A inesperada subida do cambio causou bilhões de prejuizo. Assim, com toda a ajuda do governo, pode-se contar com dias difíceis à partir de 2009, já que com a queda de preço das commodities o saldo comercial tenderá a zero, as empresas que tiveram grandes perdas reduzirão seus investimentos, e as remessas de recursos ao exterior continuarão elevadas, tendendo a aumentar o déficit externo.

Mas embora, historicamente, o dólar se beneficie nos episódios de fuga-para-a-qualidade que acontece quando cessa o carry trade, nas atuais condições não se pode esperar que a moeda de um país com 1 trilhão anual de déficit externo possa manter-se nessa posição por muito tempo.


Acima de tudo, não se pode esquecer que o Pico do Petróleo parece haver finalmente chegado, em 2008.

Ainda está pouco divulgado, mas há alguns dias o “The London Financial Times” informou que o relatório da IEA (International Energy Agency) a ser publicado no próximo dia 12 de Novembro estimou a queda de produção de petróleo na ordem de 9.1% ao ano, em média, nos próximos anos, nos campos que já ultrapassaram o pico, enquadrando-se no conjunto das previsões mais pessimistas.

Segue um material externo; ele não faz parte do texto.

(* Assume that $(\hat R,\hat F)$ satisfies conditions (i), (ii), (iii) and (iv), and let $M$ be a half-quantum matrix. Then \[ (M_{\overline{1\to n}})^{a_1\dots a_n}_{b_1\dots b_n}\,\epsilon^{b_1\dots b_n}=\det\nolimits_q(M)\,\epsilon^{a_1\dots a_n}, \] and consequently $\tilde M^{\wedge n}=\det_q(M)\,\mathcal D$.
   Context: Let $V$ be a finite-dimensional complex vector space, $\mathrm{Id}$ the identity, $P$ the flip on $V\otimes V$. For an operator $X$ on $V$ (possibly with entries in an associative algebra $\mathfrak A$), $X_j$ denotes $X$ acting in the $j$-th tensor factor of $V^{\otimes m}$; for $Y$ on $V\otimes V$, $Y_{j,k}$ denotes $Y$ in factors $j,k$ and $Y_j:=Y_{j,j+1}$. $\mathrm{tr}_{(i_1,\dots,i_k)}$ is the partial trace over the listed factors. $j_q:=q^{j-1}+q^{j-3}+\dots+q^{-j+1}$; $j$ is $q$-admissible if $k_q\ne0$ for $k=1,\dots,j$. Upper indices are row indices and lower indices column indices; summation over repeated indices is implied. Let $q\in\mathbb C^*$, $\hat R,\hat F\in\mathrm{Aut}(V\otimes V)$. Conditions: (i) $\hat R_{12}\hat R_{23}\hat R_{12}=\hat R_{23}\hat R_{12}\hat R_{23}$, $\hat F_{12}\hat F_{23}\hat F_{12}=\hat F_{23}\hat F_{12}\hat F_{23}$, $\hat R_{12}\hat F_{23}\hat F_{12}=\hat F_{23}\hat F_{12}\hat R_{23}$, $\hat F_{12}\hat F_{23}\hat R_{12}=\hat R_{23}\hat F_{12}\hat F_{23}$. (ii) $2$ is $q$-admissible and $\hat R=qS^{(2)}-q^{-1}A^{(2)}$ with $S^{(2)},A^{(2)}$ idempotents, $S^{(2)}+A^{(2)}=\mathrm{Id}$. Higher $q$-antisymmetrizers: $A^{(1)}=\mathrm{Id}$ and for $k+1$ $q$-admissible $(k+1)_qA^{(k+1)}:=A^{(k)}(q^k\mathrm{Id}-k_q\hat R_k)A^{(k)}$. (iii) ($\hat R$ even of height $n$) $n$ is $q$-admissible, $\mathrm{rank}\,A^{(n)}=1$, and $A^{(n)}(q^n\mathrm{Id}-n_q\hat R_n)A^{(n)}=0$. (iv) there is $\Psi\in\mathrm{Aut}(V\otimes V)$ with $\mathrm{tr}_{(2)}(\Psi_{12}\hat F_{23})=P_{13}$. Quantum trace: $D_1:=\mathrm{tr}_{(2)}(\Psi_{12})$, $\mathrm{tr}_{F,(i_1,\dots,i_k)}(X):=\mathrm{tr}_{(i_1,\dots,i_k)}(D_{i_1}\cdots D_{i_k}X)$. Under (iii), there are tensors $\epsilon^{a_1\dots a_n}$, $\epsilon_{a_1\dots a_n}$ with $(A^{(n)})^{b_1\dots b_n}_{a_1\dots a_n}=\epsilon^{b_1\dots b_n}\epsilon_{a_1\dots a_n}$ and $\epsilon_{a_1\dots a_n}\epsilon^{a_1\dots a_n}=1$. For an $\mathfrak A$-valued $M$ on $V$: $M_{\bar1}:=M_1$, $M_{\overline{k+1}}:=\hat F_kM_{\bar k}\hat F_k^{-1}$, $M_{\overline{1\to k}}:=M_{\bar1}\cdots M_{\bar k}$. A half-quantum matrix is an $\mathfrak A$-valued $M$ with $S^{(2)}_{12}M_{\bar1}M_{\bar2}A^{(2)}_{12}=0$. Its quantum determinant is $\det_q(M):=\epsilon_{a_1\dots a_n}(M_{\overline{1\to n}})^{a_1\dots a_n}_{b_1\dots b_n}\epsilon^{b_1\dots b_n}\in\mathfrak A$. $(\tilde M^{\wedge n})_1:=\mathrm{tr}_{F,(2,\dots,n)}(M_{\overline{1\to n}}A^{(n)})$ and $\mathcal D\in\mathrm{End}(V)$ is defined by $\mathcal D_1:=\mathrm{tr}_{F,(2,\dots,n)}(A^{(n)})$. *)

theory Defs
  imports Complex_Main
begin
lemma vanishing_solution_multiplier_pm1:
  assumes K: "K \<ge> 1" and adm: "admissible_potential v K"
    and u: "is_solution v u" and bl: "\<And>n. u (n + int K) = \<mu> * u n"
    and z: "u m = 0" and nz: "u (m - 1) \<noteq> 0"
  shows "\<mu> = 1 \<or> \<mu> = -1"
proof -
  note mult = vanishing_solution_multiplier[OF u bl z nz]
  consider "K = 2" | "K \<le> 8" "\<exists>lam\<in>\<rat>. \<forall>n. v n \<in> {0, lam}" | "\<forall>n. v n \<in> \<int>"
    using adm unfolding admissible_potential_def by blast
  then show ?thesis
  proof cases
    case 1
    have "snd (propagate (\<lambda>n. v (n + m)) (0, 1) 2) = -1" by (simp add: numeral_2_eq_2)
    then show ?thesis using mult(2) 1 by simp
  next
    case 2
    then obtain lam where lam: "lam \<in> \<rat>" "\<And>n. v (n + m) \<in> {0, lam}" by blast
    have "snd (propagate (\<lambda>n. v (n + m)) (0, 1) K) \<in> {1, -1}"
      by (rule two_valued_vanishing_multiplier[OF K 2(1) lam(1) _ mult(1)]) (use lam(2) in simp)
    then show ?thesis using mult(2) by auto
  next
    case 3
    obtain a where a: "fst (propagate (\<lambda>n. v (n + m)) (1, 0) K) = of_int a"
      using propagate_Ints[of "\<lambda>n. v (n + m)" "(1, 0)" K] 3 Ints_cases by auto
    obtain b where b: "\<mu> = of_int b"
      using propagate_Ints[of "\<lambda>n. v (n + m)" "(0, 1)" K] 3 mult(2) Ints_cases by auto
    have "of_int (a * b) = (1::complex)" using mult(3) a b by simp
    then have "a * b = 1" by (metis of_int_eq_1_iff)
    then show ?thesis using zmult_eq_1_iff[of a b] b by auto
  qed
qed

lemma bloch_ne_0:
  assumes K: "K \<ge> 1" and per: "\<forall>n. v (n + int K) = v n" and adm: "admissible_potential v K"
    and mu: "\<mu> \<noteq> 0" "\<mu> \<noteq> 1" "\<mu> \<noteq> -1"
    and eig: "propagate v w K = (\<mu> * fst w, \<mu> * snd w)" and w: "w \<noteq> (0, 0)"
  shows "bloch v K \<mu> w m \<noteq> 0"
proof
  assume z: "bloch v K \<mu> w m = 0"
  have s: "is_solution v (bloch v K \<mu> w)" by (rule bloch_is_solution[OF K per mu(1) eig])
  have bl: "bloch v K \<mu> w (n + int K) = \<mu> * bloch v K \<mu> w n" for n
    using bloch_shift[OF K mu(1), of v w n 1] by simp
  show False
  proof (cases "bloch v K \<mu> w (m - 1) = 0")
    case True
    then have "bloch v K \<mu> w 0 = 0" "bloch v K \<mu> w (-1) = 0"
      using solution_zero_if_consecutive_zeros[OF s z] by auto
    then show False using bloch_init[OF K mu(1) eig] w by (cases w) auto
  next
    case False
    then show False using vanishing_solution_multiplier_pm1[OF K adm s bl z] mu by simp
  qed
qed

section \<open>Kernel operators and Green kernels\<close>

definition kernel_op :: "(int \<Rightarrow> int \<Rightarrow> complex) \<Rightarrow> (int \<Rightarrow> complex) \<Rightarrow> int \<Rightarrow> complex" where
  "kernel_op G x = (\<lambda>i. infsum (\<lambda>j. G i j * x j) UNIV)"

lemma kernel_row_summable:
  fixes g :: "int \<Rightarrow> real" and G :: "int \<Rightarrow> int \<Rightarrow> complex"
  assumes g0: "\<And>k. g k \<ge> 0" and gs: "g summable_on UNIV"
    and b: "\<And>i j. norm (G i j) \<le> g (i - j)" and x: "\<And>j. norm (x j) \<le> B"
  shows "(\<lambda>j. G i j * x j) summable_on UNIV"
proof -
  have "(\<lambda>j. g (i - j) * B) summable_on UNIV"
    using summable_on_cmult_left[of "\<lambda>j. g (i - j)" UNIV B] summable_on_reflect_int_iff[of g i] gs by simp
  then have "(\<lambda>j. norm (G i j * x j)) summable_on UNIV"
    by (rule summable_on_comparison_test) (use g0 b x in \<open>auto simp: norm_mult intro: mult_mono\<close>)
  then show ?thesis using summable_on_iff_abs_summable_on_complex by blast
qed

lemma norm_kernel_op_le:
  fixes g :: "int \<Rightarrow> real"
  assumes p: "1 \<le> p" and z: "z \<in> lp p" and g0: "\<And>k. g k \<ge> 0" and gs: "g summable_on UNIV"
    and b: "\<And>j. norm (G i j * x j) \<le> g (i - j) * norm (z j)"
  shows "norm (kernel_op G x i) \<le> infsum (\<lambda>j. g (i - j) * norm (z j)) UNIV"
proof -
  have zb: "norm (z j) \<le> lp_norm p z" for j by (rule norm_le_lp_norm[OF p z])
  have s: "(\<lambda>j. g (i - j) * norm (z j)) summable_on UNIV"
    by (rule convolution_summable_on[OF g0 gs]) (use zb in auto)
  have sn: "(\<lambda>j. norm (G i j * x j)) summable_on UNIV"
    by (rule summable_on_comparison_test[OF s]) (use b in auto)
  have "norm (kernel_op G x i) \<le> infsum (\<lambda>j. norm (G i j * x j)) UNIV"
    unfolding kernel_op_def by (rule norm_infsum_bound) (use sn in simp)
  also have "\<dots> \<le> infsum (\<lambda>j. g (i - j) * norm (z j)) UNIV"
    by (rule infsum_mono[OF sn s]) (rule b)
  finally show ?thesis .
qed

Considerando que o pior do colapso econômico ainda não chegou, esse fato, por si só, mostra que não existe possibilidade de recuperação econômica a nível mundial.

Em termos de produção de petróleo, devido às características de demanda inelástica e da dependência econômica ao produto, tanto por parte dos produtores como dos consumidores,  pode-se esperar com certeza que independentemente das oscilações de preço  os produtores continuarão a produzir o máximo que puderem e os consumidores comprar o máximo que tiverem condições de comprar. 

Nesse contexto, porém, o Brasil se destaca de modo singular, não apenas por ter condições de alcançar auto-suficiência energética, mas por ter uma equipe econômica de nível internacional, temperada pelo sucesso no enfrentamento de graves crises regionais e mundiais, e que tem podido contar – ao contrario do que tem ocorrido, por exemplo, na Argentina – com o decidido apoio de um empresariado local, que tem se mostrado disposto a defender a moeda e os objetivos nacionais.

Parece que está se tornando próximo o momento em que nos desatrelaremos do dólar.